While the bank has predictably said on many occasions that its gross reserves – the total amount at its disposal at the time – are more important than net reserves, the FX swaps will promptly collapse once counterparties realize they are on the hook for billions in losses as the Turkish economy implodes and unwind the swaps. As such, expect attention to turn to the massive negative number of true net foreign assets.
Separately, Ram also notes that the central bank’s intervention this morning is significant if only for the signaling it sends.
During a previous episode of similar stress in the lira back in 2018, there was no reported intervention.

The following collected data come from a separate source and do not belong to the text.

lemma emeasure_Collect_aL_aG:
  assumes "g \<in> carrier G" "l \<in> carrier L" "A \<in> sets M" "B \<in> sets M"
  shows "emeasure M {x \<in> A. aL l (aG g x) \<in> B} = emeasure M {y \<in> B. aL (inv\<^bsub>L\<^esub> l) (aG (inv\<^bsub>G\<^esub> g) y) \<in> A}"
proof (rule emeasure_Collect_swap_inverse)
  show "(\<lambda>x. aL l (aG g x)) \<in> M \<rightarrow>\<^sub>M M" "(\<lambda>y. aL (inv\<^bsub>L\<^esub> l) (aG (inv\<^bsub>G\<^esub> g) y)) \<in> M \<rightarrow>\<^sub>M M"
    using assms by (simp_all add: aL_aG_measurable)
  have "distr M M (\<lambda>x. aL l (aG g x)) = distr (distr M M (aG g)) M (aL l)"
    using distr_distr[OF aL_measurable aG_measurable] assms by (simp add: comp_def)
  then show "distr M M (\<lambda>x. aL l (aG g x)) = M"
    using assms distr_aG distr_aL by simp
  show "aL (inv\<^bsub>L\<^esub> l) (aG (inv\<^bsub>G\<^esub> g) (aL l (aG g x))) = x" if "x \<in> space M" for x
    using assms that actions_commute aG_space aL_inv_cancel aG_inv_cancel by simp
qed (use assms in auto)

abbreviation coc :: "'a \<Rightarrow> 'w \<Rightarrow> 'b" where
  "coc \<equiv> cocycle L aL aG XL"

definition induced :: "'a \<Rightarrow> 'w \<Rightarrow> 'w" where
  "induced g x = aL (coc g x) (aG g x)"

lemma cocycle_mem:
  assumes "g \<in> carrier G" "x \<in> space M"
  shows "coc g x \<in> carrier L" "aL (coc g x) (aG g x) \<in> XL"
  using theI'[OF ex1_translate_XL[OF aG_space[OF assms]]] unfolding cocycle_def by auto

lemma cocycle_eqI:
  assumes "g \<in> carrier G" "x \<in> space M" "l \<in> carrier L" "aL l (aG g x) \<in> XL"
  shows "coc g x = l"
  using translate_XL_unique[OF aG_space[OF assms(1,2)] cocycle_mem(1)[OF assms(1,2)] assms(3)
      cocycle_mem(2)[OF assms(1,2)] assms(4)] .

lemma induced_mem_XL: "g \<in> carrier G \<Longrightarrow> x \<in> space M \<Longrightarrow> induced g x \<in> XL"
  unfolding induced_def using cocycle_mem by auto

lemma cocycle_one: "x \<in> XL \<Longrightarrow> coc \<one>\<^bsub>G\<^esub> x = \<one>\<^bsub>L\<^esub>"
  using XL_subset_space aL_one aG_one by (intro cocycle_eqI) auto

lemma cocycle_mult:
  assumes g: "g \<in> carrier G" and h: "h \<in> carrier G" and x: "x \<in> space M"
  shows "coc (g \<otimes>\<^bsub>G\<^esub> h) x = coc g (induced h x) \<otimes>\<^bsub>L\<^esub> coc h x"
proof (rule cocycle_eqI)
  define y where "y = induced h x"
  have l2: "coc h x \<in> carrier L"
    using cocycle_mem[OF h x] by simp
  have y: "y \<in> space M"
    using induced_mem_XL[OF h x] XL_subset_space unfolding y_def by auto
  then have l1: "coc g y \<in> carrier L"
    using cocycle_mem[OF g] by simp
  have "aG g y = aL (coc h x) (aG (g \<otimes>\<^bsub>G\<^esub> h) x)"
    unfolding y_def induced_def using g h x l2 by (simp add: aG_mult aG_space actions_commute)
  then have "aL (coc g y \<otimes>\<^bsub>L\<^esub> coc h x) (aG (g \<otimes>\<^bsub>G\<^esub> h) x) = aL (coc g y) (aG g y)"
    using l1 l2 g h x by (simp add: aL_mult aG_space)
  then show "aL (coc g (induced h x) \<otimes>\<^bsub>L\<^esub> coc h x) (aG (g \<otimes>\<^bsub>G\<^esub> h) x) \<in> XL"
    using cocycle_mem[OF g y] unfolding y_def by simp
  show "coc g (induced h x) \<otimes>\<^bsub>L\<^esub> coc h x \<in> carrier L"
    using l1 l2 unfolding y_def by simp
qed (use g h x in auto)

lemma sets_Collect_cocycle:
  assumes g: "g \<in> carrier G"
  shows "{x \<in> XL. P (coc g x)} \<in> sets M"
proof (rule sets_countable_partition)
  show "countable {l \<in> carrier L. P l}"
    using countable_L by (rule countable_subset[rotated]) auto
  show "{x \<in> XL. aL l (aG g x) \<in> XL} \<in> sets M" if "l \<in> {l \<in> carrier L. P l}" for l
    using that g XL_sets by (intro sets_Collect_mem[OF aL_aG_measurable]) auto
  show "x \<in> {x \<in> XL. P (coc g x)} \<longleftrightarrow> (\<exists>l\<in>{l \<in> carrier L. P l}. x \<in> {x \<in> XL. aL l (aG g x) \<in> XL})" for x
    using cocycle_mem[OF g] cocycle_eqI[OF g] XL_subset_space by blast
  show "l = l'" if "x \<in> {x \<in> XL. aL l (aG g x) \<in> XL}" "x \<in> {x \<in> XL. aL l' (aG g x) \<in> XL}"
    "l \<in> {l \<in> carrier L. P l}" "l' \<in> {l \<in> carrier L. P l}" for l l' x
    using that cocycle_eqI[OF g, of x] XL_subset_space by auto
qed

abbreviation MXL :: "'w measure" where
  "MXL \<equiv> restrict_space M XL"

lemma space_MXL [simp]: "space MXL = XL"
  using XL_sets by simp

lemma sets_MXL_iff: "A \<in> sets MXL \<longleftrightarrow> A \<subseteq> XL \<and> A \<in> sets M"
  using XL_sets XL_subset_space by (intro sets_restrict_space_iff) (simp add: Int_absorb2)

lemma emeasure_MXL: "A \<subseteq> XL \<Longrightarrow> emeasure MXL A = emeasure M A"
  using XL_sets XL_subset_space by (intro emeasure_restrict_space) (simp_all add: Int_absorb2)

lemma measure_MXL: "A \<subseteq> XL \<Longrightarrow> measure MXL A = measure M A"
  using emeasure_MXL by (simp add: measure_def)

lemma finite_measure_MXL: "finite_measure MXL"
  using emeasure_MXL[of XL] emeasure_XL_finite by (intro finite_measureI) simp

lemma cocycle_measurable:
  assumes g: "g \<in> carrier G"
  shows "(\<lambda>x. h (coc g x)) \<in> MXL \<rightarrow>\<^sub>M count_space UNIV"
proof (rule measurableI)
  fix A
  have "(\<lambda>x. h (coc g x)) -` A \<inter> space MXL = {x \<in> XL. h (coc g x) \<in> A}"
    by auto
  then show "(\<lambda>x. h (coc g x)) -` A \<inter> space MXL \<in> sets MXL"
    using sets_Collect_cocycle[OF g] by (simp add: sets_MXL_iff)
qed simp

lemma emeasure_eq_nn_integral_translates_XL:
  assumes g: "g \<in> carrier G" and B: "B \<in> sets M"
  shows "emeasure M B
    = (\<integral>\<^sup>+ l. emeasure M {y \<in> B. aL (inv\<^bsub>L\<^esub> l) (aG (inv\<^bsub>G\<^esub> g) y) \<in> XL} \<partial>count_space (carrier L))"
proof (rule emeasure_countable_partition[OF countable_L])
  show "{y \<in> B. aL (inv\<^bsub>L\<^esub> l) (aG (inv\<^bsub>G\<^esub> g) y) \<in> XL} \<in> sets M" if "l \<in> carrier L" for l
    using that g B XL_sets by (intro sets_Collect_mem[OF aL_aG_measurable]) auto
  have gy: "aG (inv\<^bsub>G\<^esub> g) y \<in> space M" if "y \<in> B" for y
    using that g sets.sets_into_space[OF B] by (intro aG_space) auto
  show "y \<in> B \<longleftrightarrow> (\<exists>l\<in>carrier L. y \<in> {y \<in> B. aL (inv\<^bsub>L\<^esub> l) (aG (inv\<^bsub>G\<^esub> g) y) \<in> XL})" for y
  proof
    assume y: "y \<in> B"
    then obtain l' where "l' \<in> carrier L" "aL l' (aG (inv\<^bsub>G\<^esub> g) y) \<in> XL"
      using ex1_translate_XL[OF gy] by blast
    then show "\<exists>l\<in>carrier L. y \<in> {y \<in> B. aL (inv\<^bsub>L\<^esub> l) (aG (inv\<^bsub>G\<^esub> g) y) \<in> XL}"
      using y by (intro bexI[of _ "inv\<^bsub>L\<^esub> l'"]) auto
  qed auto
  show "l = l'" if "l \<in> carrier L" "l' \<in> carrier L" "y \<in> {y \<in> B. aL (inv\<^bsub>L\<^esub> l) (aG (inv\<^bsub>G\<^esub> g) y) \<in> XL}"
    "y \<in> {y \<in> B. aL (inv\<^bsub>L\<^esub> l') (aG (inv\<^bsub>G\<^esub> g) y) \<in> XL}" for l l' y
  proof -
    have "inv\<^bsub>L\<^esub> l = inv\<^bsub>L\<^esub> l'"
      using translate_XL_unique[OF gy[of y], of "inv\<^bsub>L\<^esub> l" "inv\<^bsub>L\<^esub> l'"] that by simp
    then show ?thesis
      using that by (metis L.inv_inv)
  qed
qed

In other words, the policy makers may be telling the markets that their strategy to ward off any speculation on the currency will take a different tack this time.
And while, in 2018, the central bank took the benchmark rate to 24% from 8% in a short span to arrest the decline in the lira, this time rate hikes are off the table and instead the central bank will burn through its remaining reserves instead before the TRY truly collapses.
Erdogan said on Tuesday that old policies based on “false” premises would result in higher inequalities, while leaving Turkey at the mercy of foreign money barons.
“The high interest-rate policy imposed on us is not a new phenomenon,” he said. “It is a model that destroys domestic production and makes structural inflation permanent by increasing production costs. We are ending this spiral.”
We very much doubt Erdogan is ending “this spiral” but we are absolutely certain that he is now starting Turkey’s “hyperinflation spiral.”